Back at the main camp, two Turkish spies spread rumors the Germans had taken Xerigordos and defeated, Nicaea. Eager to join in the plunder some 20,ooo set out leaving women and children, back at camp. The rowdy procession entered the narrow road three miles outside of camp, when the trap was sprung. The waiting Seljuk force unleashed a torrent of arrows at a disorganized and undisciplined rabble, quickly put to flight. Most were slaughtered. A few thousand took refuge in an abandoned castle itself, then taken under siege.

Sometime later, a Byzantine force under Constantine Katakalon sailed across the narrow channel and lifted the siege, returning the survivors to Constantinople. This small remnant was all that remained, of the Peasant’s Crusade.

Church sanctioned Crusades took and then lost the ancient city of Jerusalem over the next 100 years. A “Lion-hearted” King would fight to a draw and return home to protect his kingdom from an ambitious little brother leaving Al-Nasir Salah al-Din Yusuf ibn Ayyub in possession of the city. A man we know today, as Saladin.

A fourth crusade set out in 1202 to retake the holy city and inexplicably ended up sacking…Constantinople. Ten years later it was time for civilians to try, once again.

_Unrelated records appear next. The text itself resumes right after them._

(* Let $m\ge 2$ and let $\mathcal{R}_m^4$ be the rose graph with $N_m=3m+1$ nodes. The partial mean hitting time to the hub node is $$T_{\mathrm H}^{\mathrm T}=\frac{10}{3}$$ for the traditional unbiased random walk (TURW), $$T_{\mathrm H}^{\mathrm B}=\frac43+\frac{2\sqrt{2m-1}}{m}=\frac43+\frac{2\sqrt{6N_m-15}}{N_m-1}$$ for the NBCRW, and $$T_{\mathrm H}^{\mathrm M}=\frac43+\frac{2}{m}=\frac43+\frac{6}{N_m-1}$$ for the MERW.
   Context: The rose graph $\mathcal{R}_m^4$ ($m\ge2$) is obtained by gluing $m$ cycles of length 4 at a single common node, the hub; it has $3m+1$ nodes. Let $\mathbf{A}=(a_{ij})$ be the adjacency matrix and $d_i$ the degrees. TURW: $p_{ij}=a_{ij}/d_i$. MERW: with $\lambda_1$ the largest eigenvalue of $\mathbf{A}$ and $\psi_1$ the positive unit eigenvector, $p_{ij}=\frac{a_{ij}}{\lambda_1}\frac{\psi_{1j}}{\psi_{1i}}$. NBCRW: the non-backtracking matrix $\mathbf{B}$ is indexed by directed edges $i\to j$ (two per undirected edge) with $B_{i\to j,k\to l}=1$ if $j=k$ and $i\ne l$, else $0$; $v$ is a non-negative eigenvector for its leading (Perron–Frobenius) eigenvalue; $x_i=\sum_{j\in\mathcal{N}_i}v_{i\to j}$; and $p_{ij}=a_{ij}x_j/\sum_k a_{ik}x_k$. For a random walk, the hitting time $T_{ij}$ is the expected number of steps to first reach $j$ starting from $i$ ($T_{jj}=0$), and the partial mean hitting time to $j$ is $T_j=\frac{1}{N-1}\sum_{i}T_{ij}$, $N$ the number of nodes. *)

theory Defs
  imports Complex_Main
begin

text \<open>Nodes are 0..3m; node 0 is the hub; petal k (k < m) is the 4-cycle
  0 - 3k+1 - 3k+2 - 3k+3 - 0.\<close>

definition rose_nodes :: "nat \<Rightarrow> nat set" where
  "rose_nodes m = {0..3*m}"

definition rose_edge :: "nat \<Rightarrow> nat \<Rightarrow> nat \<Rightarrow> bool" where
  "rose_edge m i j \<longleftrightarrow> (\<exists>k<m. {i,j} = {0, 3*k+1} \<or> {i,j} = {3*k+1, 3*k+2}
      \<or> {i,j} = {3*k+2, 3*k+3} \<or> {i,j} = {3*k+3, 0})"

definition rose_adj :: "nat \<Rightarrow> nat \<Rightarrow> nat \<Rightarrow> real" where
  "rose_adj m i j = (if rose_edge m i j then 1 else 0)"

definition hub :: nat where "hub = 0"

definition degree :: "'v set \<Rightarrow> ('v \<Rightarrow> 'v \<Rightarrow> real) \<Rightarrow> 'v \<Rightarrow> real" where
  "degree V a i = (\<Sum>k\<in>V. a i k)"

In the Spring of 1212 a French youth called Stephen of Cloyes began to attract, a following. At the same time a German boy, Nicholas of Cologne, was preaching the same message. It’s hard to know if the two ever heard of each other but the message, was the same. Talk would succeed where weapons had failed. They would discuss it all with the Muslims who would then convert, peaceably.

Together, Stephen and Nicholas attracted some 20,000 children with a few adolescents and some adults and set out across Germany, and France.

Many starved to death with no money and yet they came, a Children’s Crusade destined to succeed where professional Crusader armies, had failed.

That’s not the way things worked out.

On August 25, 1212, the rabble appeared outside of Genoa. Whether they expected some kindly Genoese ship’s captains to take them on board or the Red Seat to part as for Moses, remains unclear.

A hoard of young beggars with no training and no weapons were of no use, save to be sold, for slaves. So it went, according to most accounts. In some versions of this story the children made it to Rome where the Pope told them all, to go home. Some simply turned and trudged, back where they came from.

There would be three more popular crusades each following the same path, as the first. Violence against the Jews and squabble with the locals. None ever made it, outside European shores.